Loucura é um tema pouco recorrido hoje na literatura. Talvez por ser um tema polêmico, ou até mesmo por muitas vezes não chamar a atenção. Lembro que falei a mesma coisa quando resenhei Os 13 porquês, há um ano. Claro que o tema mudava o pouco, mas a ideia é a mesma. Aqui Matthew já ganha pontos positivos comigo. Conseguiu transformar um tema tão contemporâneo e pouco discutido em algo divertido e encantador.

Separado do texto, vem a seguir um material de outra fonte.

lemma collinear_graph_of_affine:
  fixes g :: "'a::real_vector \<Rightarrow> 'b::real_vector"
  assumes "x2 = (1 - \<theta>) *\<^sub>R x1 + \<theta> *\<^sub>R x3" and "g x2 = (1 - \<theta>) *\<^sub>R g x1 + \<theta> *\<^sub>R g x3"
  shows "collinear {(x1, g x1), (x2, g x2), (x3, g x3)}"
  unfolding collinear_3_expand using assms by (auto intro!: exI[of _ "1 - \<theta>"])

section \<open>Duality for the discrete problem\<close>

context
  fixes chi chim chip :: "nat \<Rightarrow> pt" and n m :: nat and f :: "nat \<Rightarrow> real"
begin

definition elongation :: "nat \<Rightarrow> (nat \<Rightarrow> real) \<Rightarrow> (nat \<Rightarrow> real) \<Rightarrow> real" where
  "elongation k u1 u2 = (\<Sum>i<n. Bmat chi chim chip 1 k i * u1 i + Bmat chi chim chip 2 k i * u2 i)"

definition deflection :: "nat \<Rightarrow> (nat \<Rightarrow> real) \<Rightarrow> real" where
  "deflection k w = (\<Sum>i<n. Dmat chi chim chip k i * w i)"

lemma dual_feasibleD:
  assumes "dual_feasible chi n chim chip m u1 u2 w t1 t2 t3" and "k < m"
  shows "t1 k = 2 * barlen chim chip k" "t2 k = barlen chim chip k - elongation k u1 u2"
    "t3 k = - deflection k w" "inK (t1 k) (t2 k) (t3 k)"
  using assms
  by (auto simp: dual_feasible_def elongation_def deflection_def eq_diff_eq eq_neg_iff_add_eq_0)

lemma dual_feasible_iff:
  assumes "\<forall>k<m. barlen chim chip k > 0"
  shows "(\<exists>t1 t2 t3. dual_feasible chi n chim chip m u1 u2 w t1 t2 t3) \<longleftrightarrow>
    (\<forall>k<m. (deflection k w)\<^sup>2 \<le> 4 * barlen chim chip k * (barlen chim chip k - elongation k u1 u2))"
proof
  assume "\<exists>t1 t2 t3. dual_feasible chi n chim chip m u1 u2 w t1 t2 t3"
  then obtain t1 t2 t3 where feasible: "dual_feasible chi n chim chip m u1 u2 w t1 t2 t3" by blast
  show "\<forall>k<m. (deflection k w)\<^sup>2 \<le>
      4 * barlen chim chip k * (barlen chim chip k - elongation k u1 u2)"
    using dual_feasibleD[OF feasible] by (simp add: inK_def)
next
  assume constraints: "\<forall>k<m. (deflection k w)\<^sup>2 \<le>
    4 * barlen chim chip k * (barlen chim chip k - elongation k u1 u2)"
  have "barlen chim chip k - elongation k u1 u2 \<ge> 0" if "k < m" for k
  proof -
    have "0 \<le> 4 * barlen chim chip k * (barlen chim chip k - elongation k u1 u2)"
      using constraints that zero_le_power2[of "deflection k w"] by (meson order_trans)
    moreover have "barlen chim chip k > 0" using assms that by simp
    ultimately show ?thesis by (simp add: zero_le_mult_iff)
  qed
  then have "dual_feasible chi n chim chip m u1 u2 w (\<lambda>k. 2 * barlen chim chip k)
      (\<lambda>k. barlen chim chip k - elongation k u1 u2) (\<lambda>k. - deflection k w)"
    using assms constraints
    by (auto simp: dual_feasible_def inK_def elongation_def deflection_def less_imp_le)
  then show "\<exists>t1 t2 t3. dual_feasible chi n chim chip m u1 u2 w t1 t2 t3" by blast
qed

lemma dual_solution_kkt:
  assumes L_pos: "\<forall>k<m. barlen chim chip k > 0" and "dual_solution chi n chim chip m f u1 u2 w"
  shows "\<exists>\<mu>. (\<forall>k<m. \<mu> k \<ge> 0) \<and>
    (\<forall>k<m. \<mu> k \<noteq> 0 \<longrightarrow>
      (deflection k w)\<^sup>2 = 4 * barlen chim chip k * (barlen chim chip k - elongation k u1 u2)) \<and>
    (\<forall>u1' u2' w'. dual_obj n f w' = (\<Sum>k<m. \<mu> k *
       (2 * deflection k w * deflection k w' + 4 * barlen chim chip k * elongation k u1' u2')))"
proof -
  define A where "A k v = elongation k (fst v) (fst (snd v))"
    for k and v :: "(nat \<Rightarrow> real) \<times> (nat \<Rightarrow> real) \<times> (nat \<Rightarrow> real)"
  define B where "B k v = deflection k (snd (snd v))"
    for k and v :: "(nat \<Rightarrow> real) \<times> (nat \<Rightarrow> real) \<times> (nat \<Rightarrow> real)"
  define F where "F v = dual_obj n f (snd (snd v))"
    for v :: "(nat \<Rightarrow> real) \<times> (nat \<Rightarrow> real) \<times> (nat \<Rightarrow> real)"
  have "linear (A k)" "linear (B k)" "linear F" for k
    by (rule linearI; simp add: A_def B_def F_def elongation_def deflection_def dual_obj_def
        scaleR_fun_def sum.distrib sum_distrib_left algebra_simps)+
  have feasible_iff:
    "(\<exists>t1 t2 t3. dual_feasible chi n chim chip m (fst v) (fst (snd v)) (snd (snd v)) t1 t2 t3) \<longleftrightarrow>
      (\<forall>k<m. (B k v)\<^sup>2 \<le> 4 * barlen chim chip k * (barlen chim chip k - A k v))" for v
    using dual_feasible_iff[OF L_pos, of "fst v" "fst (snd v)" "snd (snd v)"]
    by (simp add: A_def B_def)
  have "\<exists>\<mu>. (\<forall>k\<in>{..<m}. \<mu> k \<ge> 0) \<and>
    (\<forall>k\<in>{..<m}. \<mu> k \<noteq> 0 \<longrightarrow>
      (B k (u1, u2, w))\<^sup>2 = 4 * barlen chim chip k * (barlen chim chip k - A k (u1, u2, w))) \<and>
    (\<forall>v. F v = (\<Sum>k\<in>{..<m}. \<mu> k * (2 * B k (u1, u2, w) * B k v + 4 * barlen chim chip k * A k v)))"
  proof (rule kkt_parabolic_constraints)
    show "(B k (u1, u2, w))\<^sup>2 \<le> 4 * barlen chim chip k * (barlen chim chip k - A k (u1, u2, w))"
      if "k \<in> {..<m}" for k
      using assms(2) feasible_iff[of "(u1, u2, w)"] that by (auto simp: dual_solution_def)
    show "F v \<le> F (u1, u2, w)"
      if "\<And>k. k \<in> {..<m} \<Longrightarrow> (B k v)\<^sup>2 \<le> 4 * barlen chim chip k * (barlen chim chip k - A k v)" for v
      using assms(2) feasible_iff[of v] that by (auto simp: dual_solution_def F_def)
  qed (use L_pos \<open>\<And>k. linear (A k)\<close> \<open>\<And>k. linear (B k)\<close> \<open>linear F\<close> in auto)
  then show ?thesis
    by (auto simp: A_def B_def F_def)
qed

lemma virtual_work_transpose:
  "(\<Sum>k<m. s k * elongation k u1 u2 + q k * deflection k w) =
    (\<Sum>i<n. (\<Sum>k<m. Bmat chi chim chip 1 k i * s k) * u1 i
      + (\<Sum>k<m. Bmat chi chim chip 2 k i * s k) * u2 i + (\<Sum>k<m. Dmat chi chim chip k i * q k) * w i)"
  by (simp add: elongation_def deflection_def sum_distrib_left sum_distrib_right sum.distrib
      sum.swap[of _ "{..<m}"] algebra_simps)

lemma sum_times_indicator: "i < n \<Longrightarrow> (\<Sum>j<n. c j * (if j = i then 1 else 0)) = (c i :: real)"
  by (simp add: if_distrib[of "times _"] cong: if_cong)

lemma equilibrium_iff_virtual_work:
  "(\<forall>i<n. (\<Sum>k<m. Bmat chi chim chip 1 k i * s k) = 0) \<and>
    (\<forall>i<n. (\<Sum>k<m. Bmat chi chim chip 2 k i * s k) = 0) \<and>
    (\<forall>i<n. (\<Sum>k<m. Dmat chi chim chip k i * q k) = f i) \<longleftrightarrow>
   (\<forall>u1 u2 w. (\<Sum>k<m. s k * elongation k u1 u2 + q k * deflection k w) = dual_obj n f w)"
  (is "?equilibrium \<longleftrightarrow> ?virtual_work")
proof
  assume ?equilibrium
  then show ?virtual_work
    by (auto simp: virtual_work_transpose dual_obj_def intro!: sum.cong)
next
  assume ?virtual_work
  define e where "e i = (\<lambda>j. if j = i then 1 else 0 :: real)" for i :: nat
  have "(\<Sum>k<m. Bmat chi chim chip 1 k i * s k) = 0" "(\<Sum>k<m. Bmat chi chim chip 2 k i * s k) = 0"
    "(\<Sum>k<m. Dmat chi chim chip k i * q k) = f i" if "i < n" for i
    using \<open>?virtual_work\<close>[rule_format, of "e i" 0 0] \<open>?virtual_work\<close>[rule_format, of 0 "e i" 0]
      \<open>?virtual_work\<close>[rule_format, of 0 0 "e i"] that
    by (simp_all add: virtual_work_transpose dual_obj_def e_def sum_times_indicator)
  then show ?equilibrium by blast
qed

Pat é uma ótima pessoa. Determinação é o que não falta nele. Depois que sai da internação, ele se dedica ao máximo a fazer exercícios físicos, decide ler todos os livros clássicos, que ele achava chato. Tudo para tentar reconquistar Nikki. Para ele, era questão de tempo.
 
Nesse cenário, temos Tiffany, vizinha e conhecida da família. Acabara de perder o marido, estava de luto, e conhece Pat. A principio se estranham, talvez pelo gênio forte e jeito diferente de Tiffany, mas aos poucos se tornam amigos. Levanto outra ressalva para Tiffany, que foi uma ótima personagem também. Apesar do jeito estranho e mandão, Tiffany é uma personagem divertida e cativante.

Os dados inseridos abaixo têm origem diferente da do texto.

(* Let $G$ be a directed acyclic graph on vertex set $V$ and let $\pi:V\to\{1,\dots,n\}$ be a bijection such that $xy\in E(G)$ implies $\pi(x)<\pi(y)$. Let $u,v\in V$ with $\pi(u)>\pi(v)$ be such that $G\cup\{uv\}$ is still acyclic. Let $W=\{w\in V:\pi(w)\in[\pi(v),\pi(u)]\}$, let $T\subseteq W$ be the set of vertices of $W$ reachable from $v$ in $G$ (including $v$), let $S\subseteq W$ be the set of vertices of $W$ that can reach $u$ in $G$ (including $u$), and let $Z=W\setminus(S\cup T)$. Then in $G\cup\{uv\}$: no vertex $t\in T$ can reach a vertex $s\in S$; no vertex $t\in T$ can reach a vertex $z\in Z$; and no vertex $z\in Z$ can reach a vertex $s\in S$. *)

theory Defs
  imports Main
begin

end

theory Submission
  imports Defs
begin

text \<open>Adding the edge \<open>uv\<close> keeps \<open>G\<close> acyclic exactly when \<open>v\<close> does not reach \<open>u\<close> in \<open>G\<close>.
  Then a path starting at a vertex reachable from \<open>v\<close> can never use the new edge, since it
  would first have to reach \<open>u\<close>; dually, a path ending at a vertex that reaches \<open>u\<close> never uses it.
  So every path starting in \<open>T\<close> or ending in \<open>S\<close> is a path of \<open>G\<close>, and such a path from \<open>T\<close> to \<open>S\<close>,
  \<open>T\<close> to \<open>Z\<close>, or \<open>Z\<close> to \<open>S\<close> would give \<open>v\<close> reaching \<open>u\<close>, or put its endpoint in \<open>Z\<close> into \<open>T\<close> or \<open>S\<close>.\<close>

lemma rtrancl_insert_from_reachable_head:
  assumes "(v, u) \<notin> E\<^sup>*" and "(v, t) \<in> E\<^sup>*" and "(t, y) \<in> (insert (u, v) E)\<^sup>*"
  shows "(t, y) \<in> E\<^sup>*"
  using assms by (auto simp: rtrancl_insert intro: rtrancl_trans)

lemma rtrancl_insert_to_reaching_tail:
  assumes "(v, u) \<notin> E\<^sup>*" and "(s, u) \<in> E\<^sup>*" and "(x, s) \<in> (insert (u, v) E)\<^sup>*"
  shows "(x, s) \<in> E\<^sup>*"
  using assms by (auto simp: rtrancl_insert intro: rtrancl_trans)

theorem lemma2:
  fixes V :: "'a set" and E :: "('a \<times> 'a) set" and \<pi> :: "'a \<Rightarrow> nat" and n :: nat
    and u v :: 'a and W T S Z :: "'a set"
  assumes edges: "E \<subseteq> V \<times> V"
    and acyc: "acyclic E"
    and bij: "bij_betw \<pi> V {1..n}"
    and topo: "\<And>x y. (x, y) \<in> E \<Longrightarrow> \<pi> x < \<pi> y"
    and uV: "u \<in> V" and vV: "v \<in> V"
    and uv: "\<pi> u > \<pi> v"
    and acyc': "acyclic (E \<union> {(u, v)})"
    and W_def: "W = {w \<in> V. \<pi> v \<le> \<pi> w \<and> \<pi> w \<le> \<pi> u}"
    and T_def: "T = {w \<in> W. (v, w) \<in> E\<^sup>*}"
    and S_def: "S = {w \<in> W. (w, u) \<in> E\<^sup>*}"
    and Z_def: "Z = W - (S \<union> T)"
  shows "(\<forall>t\<in>T. \<forall>s\<in>S. (t, s) \<notin> (E \<union> {(u, v)})\<^sup>*)
       \<and> (\<forall>t\<in>T. \<forall>z\<in>Z. (t, z) \<notin> (E \<union> {(u, v)})\<^sup>*)
       \<and> (\<forall>z\<in>Z. \<forall>s\<in>S. (z, s) \<notin> (E \<union> {(u, v)})\<^sup>*)"
proof -
  have F: "E \<union> {(u, v)} = insert (u, v) E" by simp
  have vu: "(v, u) \<notin> E\<^sup>*" using acyc' by (simp add: F acyclic_insert)
  note from_T = rtrancl_insert_from_reachable_head[OF vu]
  note into_S = rtrancl_insert_to_reaching_tail[OF vu]
  have "(t, s) \<notin> (insert (u, v) E)\<^sup>*" if "t \<in> T" "s \<in> S" for t s
    using that vu from_T[of t s] unfolding T_def S_def by (blast intro: rtrancl_trans)
  moreover have "(t, z) \<notin> (insert (u, v) E)\<^sup>*" if "t \<in> T" "z \<in> Z" for t z
    using that from_T[of t z] unfolding Z_def T_def by (blast intro: rtrancl_trans)
  moreover have "(z, s) \<notin> (insert (u, v) E)\<^sup>*" if "z \<in> Z" "s \<in> S" for z s
    using that into_S[of s z] unfolding Z_def S_def by (blast intro: rtrancl_trans)
  ultimately show ?thesis unfolding F by blast
qed

end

Gostei muito da narrativa de Matthew. Divertida, encantadora e comovente, acaba mostrando Pat não como um louco, mas sim como um homem que não perde as esperanças. Isso foi o que mais me encantou na história. Sabemos que sua loucura está ali, presente, mas ele não demonstra isso.  Apenas mostra que vale a pena viver o lado bom da vida.
 
Temos momentos emocionantes, outros mais tensos, mas um final admirável. Torcemos pelo casal, queremos descobrir o que aconteceu com Pat antes de ele ir para a clinica. São tantas coisas positivas que o livro oferece que não tem como não gostar. Matthew conquista pelo seu jeito de contar histórias. O lado bom da vida foi um livro que fiquei com pena quando terminou, de tão gostosa que era a leitura. Com certeza entrou para os favoritos! Fiquei super empolgado para assistir ao filme!